# Virginia & Truckee #29



## schizrade (Jan 20, 2013)

These pics were from the big event in 2009 when the new main line to Carson opened up. Just thought I would share some cool train pics of a historical event.

2-8-0 Consolidation

#29 Pulling into Virginia City from Carson City for the first time since the 1950's.


----------



## broox (Apr 13, 2012)

I see no pics :/


----------



## schizrade (Jan 20, 2013)

Really?

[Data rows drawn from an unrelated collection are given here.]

theorem theorem3p6:
  fixes \<beta> :: complex
  shows
    \<comment> \<open>J1, J2, J3 are conserved quantities of phi\<close>
    "(\<forall>x\<in>dom4. phi \<beta> x \<in> dom4 \<longrightarrow>
        J1 \<beta> (phi \<beta> x) = J1 \<beta> x \<and> J2 \<beta> (phi \<beta> x) = J2 \<beta> x \<and> J3 \<beta> (phi \<beta> x) = J3 \<beta> x)
   \<and> \<comment> \<open>they are functionally independent\<close>
     (\<exists>x\<in>dom4. \<forall>a b c :: complex.
        a *s grad (J1 \<beta>) x + b *s grad (J2 \<beta>) x + c *s grad (J3 \<beta>) x = 0
          \<longrightarrow> a = 0 \<and> b = 0 \<and> c = 0)
   \<and> \<comment> \<open>Poisson commutation\<close>
     (\<forall>x\<in>dom4. pbracket (J1 \<beta>) (J2 \<beta>) x = 0 \<and> pbracket (J1 \<beta>) (J3 \<beta>) x = 0)
   \<and> \<comment> \<open>linear recurrence and explicit solution along orbits\<close>
     (\<forall>x :: nat \<Rightarrow> complex.
        (\<forall>n. x n \<noteq> 0) \<longrightarrow>
        (\<forall>n. x (n + 4) * x n = x (n + 3) * x (n + 1) + \<beta> * x (n + 2)) \<longrightarrow>
        (\<forall>n. x (n + 9) - (J1 \<beta> (init4 x) + 1) * (x (n + 6) - x (n + 3)) - x n = 0)
        \<and> (J1 \<beta> (init4 x) \<noteq> 0 \<longrightarrow> J1 \<beta> (init4 x) \<noteq> 2 \<longrightarrow>
            (\<forall>n. \<forall>j<3.
               x (3 * n + j) =
                 (2 * x j - 2 * x (j + 3) / J1 \<beta> (init4 x)
                   - 2 * \<beta> * Cj \<beta> j (init4 x) * (J1 \<beta> (init4 x) - 1)
                       / (J1 \<beta> (init4 x) * (J1 \<beta> (init4 x) - 2)))
                   * chebT n (J1 \<beta> (init4 x) / 2)
                 + (- x j + (2 * x (j + 3) + \<beta> * Cj \<beta> j (init4 x)) / J1 \<beta> (init4 x))
                   * chebU n (J1 \<beta> (init4 x) / 2)
                 + \<beta> * Cj \<beta> j (init4 x) / (J1 \<beta> (init4 x) - 2))))"
proof (intro conjI)
  show "\<forall>x\<in>dom4. phi \<beta> x \<in> dom4 \<longrightarrow>
      J1 \<beta> (phi \<beta> x) = J1 \<beta> x \<and> J2 \<beta> (phi \<beta> x) = J2 \<beta> x \<and> J3 \<beta> (phi \<beta> x) = J3 \<beta> x"
    using J_phi by blast
  show "\<exists>x\<in>dom4. \<forall>a b c :: complex.
      a *s grad (J1 \<beta>) x + b *s grad (J2 \<beta>) x + c *s grad (J3 \<beta>) x = 0 \<longrightarrow> a = 0 \<and> b = 0 \<and> c = 0"
    using ex_lin_independent3_grad_J unfolding lin_independent3_def .
  show "\<forall>x\<in>dom4. pbracket (J1 \<beta>) (J2 \<beta>) x = 0 \<and> pbracket (J1 \<beta>) (J3 \<beta>) x = 0"
    using pbracket_J1_J2 pbracket_J1_J3 by blast
qed (use recurrence_orbit.order_9_recurrence recurrence_orbit.explicit_solution
  recurrence_orbit.intro in blast)

end
(* For every $n\ge1$, every integer $r\ge 0$, every $\lambda\ge 0$, every $y\in\mathbb{R}^n$ and every $i\in[n]$, $$\max_{J\in\mathcal{I}:\, i\in J}\ \min_{I\in\mathcal{I}:\, i\in I,\ I\subseteq J}\Big[(P^{(|I|,r)}y_I)_i+\frac{\lambda C_{I,J}}{|I|}\Big]\ \le\ \min_{J\in\mathcal{I}:\, i\in J}\ \max_{I\in\mathcal{I}:\, i\in I,\ I\subseteq J}\Big[(P^{(|I|,r)}y_I)_i-\frac{\lambda C_{I,J}}{|I|}\Big].$$
   Context: $[n]=\{1,\dots,n\}$. An interval of $[n]$ is $[a:b]=\{a,\dots,b\}$ with $1\le a\le b\le n$; $\mathcal{I}$ is the set of all intervals of $[n]$. For $v\in\mathbb{R}^n$ and an interval $I$, $v_I\in\mathbb{R}^{|I|}$ is the restriction of $v$ to $I$. For an interval $I=[a:b]$ and integer $r\ge0$, let $S^{(I,r)}=\{(p(a/n),p((a+1)/n),\dots,p(b/n)) : p \text{ a real polynomial of degree at most } r\}\subseteq\mathbb{R}^{|I|}$; this subspace depends only on $|I|$, and $P^{(|I|,r)}$ denotes the orthogonal projection matrix onto it. For $i\in I$, $(P^{(|I|,r)}y_I)_i$ denotes the entry of the vector $P^{(|I|,r)}y_I$ at the position corresponding to $i$ (i.e. position $i-a+1$). For intervals $I\subseteq J$ with $J=[j_1:j_2]$: $C_{I,J}=1$ if $I$ contains neither $j_1$ nor $j_2$; $C_{I,J}=-1$ if $I=J$; $C_{I,J}=0$ otherwise. *)

theory Defs
  imports "HOL-Computational_Algebra.Polynomial"
begin

text \<open>Intervals [a:b] of [n] are represented by pairs (a,b) with 1 <= a <= b <= n.
  Vectors in R^n are functions nat => real with indices 1..n; a vector in R^{|I|}
  for I = [a:b] is represented as a function indexed by a..b (zero outside).\<close>

definition intervals :: "nat \<Rightarrow> (nat \<times> nat) set" where
  "intervals n = {(a, b). 1 \<le> a \<and> a \<le> b \<and> b \<le> n}"

definition ivl :: "nat \<times> nat \<Rightarrow> nat set" where
  "ivl I = {fst I..snd I}"

definition ivl_len :: "nat \<times> nat \<Rightarrow> nat" where
  "ivl_len I = snd I + 1 - fst I"

definition poly_space :: "nat \<Rightarrow> nat \<Rightarrow> nat \<times> nat \<Rightarrow> (nat \<Rightarrow> real) set" where
  "poly_space n r I = {v. \<exists>p :: real poly. degree p \<le> r \<and>
      (\<forall>k. v k = (if k \<in> ivl I then poly p (real k / real n) else 0))}"

definition proj :: "nat \<Rightarrow> nat \<Rightarrow> nat \<times> nat \<Rightarrow> (nat \<Rightarrow> real) \<Rightarrow> (nat \<Rightarrow> real)" where
  "proj n r I y = (THE v. v \<in> poly_space n r I \<and>
      (\<forall>w \<in> poly_space n r I. (\<Sum>k\<in>ivl I. (y k - v k) * w k) = 0))"

definition Ccoef :: "nat \<times> nat \<Rightarrow> nat \<times> nat \<Rightarrow> real" where
  "Ccoef I J = (if I = J then -1
     else if fst J \<notin> ivl I \<and> snd J \<notin> ivl I then 1 else 0)"

end

theory Submission
  imports Defs
begin

(* For two admissible intervals J1, J2 the interval
   I = J1 \<inter> J2 is admissible on both sides, and C(I,J1) + C(I,J2) \<le> 0: unless I equals J1 or J2,
   it contains an endpoint of each. So the term for (J1, I) on the left is at most the term
   for (J2, I) on the right, and a max-min is bounded by a min-max as soon as any two rows
   share such a witness. *)

lemma Max_Min_le_Min_Max_common_witness:
  fixes f g :: "'i \<Rightarrow> 'j \<Rightarrow> 'a::linorder"
  assumes "finite A" "A \<noteq> {}" "\<And>J. J \<in> A \<Longrightarrow> finite (B J)"
    and "\<And>J1 J2. J1 \<in> A \<Longrightarrow> J2 \<in> A \<Longrightarrow> \<exists>I \<in> B J1 \<inter> B J2. f I J1 \<le> g I J2"
  shows "Max ((\<lambda>J. Min ((\<lambda>I. f I J) ` B J)) ` A) \<le> Min ((\<lambda>J. Max ((\<lambda>I. g I J) ` B J)) ` A)"
proof -
  have "Min ((\<lambda>I. f I J1) ` B J1) \<le> Max ((\<lambda>I. g I J2) ` B J2)"
    if J: "J1 \<in> A" "J2 \<in> A" for J1 J2
  proof -
    obtain I where I: "I \<in> B J1" "I \<in> B J2" "f I J1 \<le> g I J2"
      using assms(4)[OF J] by blast
    have "Min ((\<lambda>I. f I J1) ` B J1) \<le> f I J1"
      using assms(3) J I by (intro Min_le) auto
    also have "\<dots> \<le> g I J2" by fact
    also have "\<dots> \<le> Max ((\<lambda>I. g I J2) ` B J2)"
      using assms(3) J I by (intro Max_ge) auto
    finally show ?thesis .
  qed
  then show ?thesis
    using assms(1,2) by (simp add: Max_le_iff Min_ge_iff)
qed

lemma finite_intervals: "finite (intervals n)"
proof -
  have "intervals n \<subseteq> {1..n} \<times> {1..n}" by (auto simp: intervals_def)
  then show ?thesis by (rule finite_subset) auto
qed

definition ivl_inter :: "nat \<times> nat \<Rightarrow> nat \<times> nat \<Rightarrow> nat \<times> nat" where
  "ivl_inter J1 J2 = (max (fst J1) (fst J2), min (snd J1) (snd J2))"

lemma ivl_ivl_inter: "ivl (ivl_inter J1 J2) = ivl J1 \<inter> ivl J2"
  by (auto simp: ivl_def ivl_inter_def)

lemma ivl_inter_in_intervals:
  assumes "J1 \<in> intervals n" "J2 \<in> intervals n" "i \<in> ivl J1" "i \<in> ivl J2"
  shows "ivl_inter J1 J2 \<in> intervals n"
  using assms by (auto simp: intervals_def ivl_def ivl_inter_def)

lemma Ccoef_ivl_inter_add_nonpos:
  assumes "i \<in> ivl J1" "i \<in> ivl J2"
  shows "Ccoef (ivl_inter J1 J2) J1 + Ccoef (ivl_inter J1 J2) J2 \<le> 0"
  using assms by (auto simp: Ccoef_def ivl_def ivl_inter_def max_def min_def prod_eq_iff)

theorem lemma1:
  fixes n r :: nat and lam :: real and y :: "nat \<Rightarrow> real" and i :: nat
  assumes "n \<ge> 1" and "lam \<ge> 0" and "i \<in> {1..n}"
  shows "Max ((\<lambda>J. Min ((\<lambda>I. proj n r I y i + lam * Ccoef I J / real (ivl_len I))
                 ` {I \<in> intervals n. i \<in> ivl I \<and> ivl I \<subseteq> ivl J}))
             ` {J \<in> intervals n. i \<in> ivl J})
         \<le> Min ((\<lambda>J. Max ((\<lambda>I. proj n r I y i - lam * Ccoef I J / real (ivl_len I))
                 ` {I \<in> intervals n. i \<in> ivl I \<and> ivl I \<subseteq> ivl J}))
             ` {J \<in> intervals n. i \<in> ivl J})"
proof (rule Max_Min_le_Min_Max_common_witness)
  show "{J \<in> intervals n. i \<in> ivl J} \<noteq> {}"
    using assms(3) by (auto simp: intervals_def ivl_def)
  fix J1 J2
  assume J1: "J1 \<in> {J \<in> intervals n. i \<in> ivl J}" and J2: "J2 \<in> {J \<in> intervals n. i \<in> ivl J}"
  define I where "I = ivl_inter J1 J2"
  have I_mem: "I \<in> intervals n"
    using J1 J2 by (auto simp: I_def intro: ivl_inter_in_intervals)
  have "lam * (Ccoef I J1 + Ccoef I J2) / real (ivl_len I) \<le> 0"
    using assms(2) Ccoef_ivl_inter_add_nonpos[of i J1 J2] J1 J2
    by (simp add: I_def mult_nonneg_nonpos divide_nonpos_nonneg)
  then have "proj n r I y i + lam * Ccoef I J1 / real (ivl_len I)
      \<le> proj n r I y i - lam * Ccoef I J2 / real (ivl_len I)"
    by (simp add: distrib_left add_divide_distrib)
  moreover have "I \<in> {I \<in> intervals n. i \<in> ivl I \<and> ivl I \<subseteq> ivl J1}
      \<inter> {I \<in> intervals n. i \<in> ivl I \<and> ivl I \<subseteq> ivl J2}"
    using I_mem J1 J2 by (auto simp: I_def ivl_ivl_inter)
  ultimately show "\<exists>I \<in> {I \<in> intervals n. i \<in> ivl I \<and> ivl I \<subseteq> ivl J1}
      \<inter> {I \<in> intervals n. i \<in> ivl I \<and> ivl I \<subseteq> ivl J2}.
      proj n r I y i + lam * Ccoef I J1 / real (ivl_len I)
      \<le> proj n r I y i - lam * Ccoef I J2 / real (ivl_len I)"
    by blast
qed (simp_all add: finite_intervals)

end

They are coming through for me off of photobucket.


----------



## broox (Apr 13, 2012)

yup still no pics here thismorning.

anyone else care to confirm?


----------



## alman (Oct 22, 2012)

I see the pics, but they are all way TOO BIG , and some of them are out of focus.


----------



## Big Ed (Jun 16, 2009)

I see the pictures.

THEY ARE WAY TOO BIG TO VIEW PROPERLY.

One thing though you can't get one of these thrown at you. 
:ttiwwop:

Edit, I must add nice pictures.
Too bad you couldn't post them smaller.


----------



## broox (Apr 13, 2012)

aah, i'm on my phone so maybe its having a mini heart attack then. haha

carry on!


----------



## schizrade (Jan 20, 2013)

big ed said:


> I see the pictures.
> 
> THEY ARE WAY TOO BIG TO VIEW PROPERLY.
> 
> ...


Clickable thumbs added.

I forget not everybody runs triple 24" monitors.


----------



## Big Ed (Jun 16, 2009)

schizrade said:


> Clickable thumbs added.
> 
> I forget not everybody runs triple 24" monitors.



:laugh:

That is better, I like the old cop car too. :thumbsup:


----------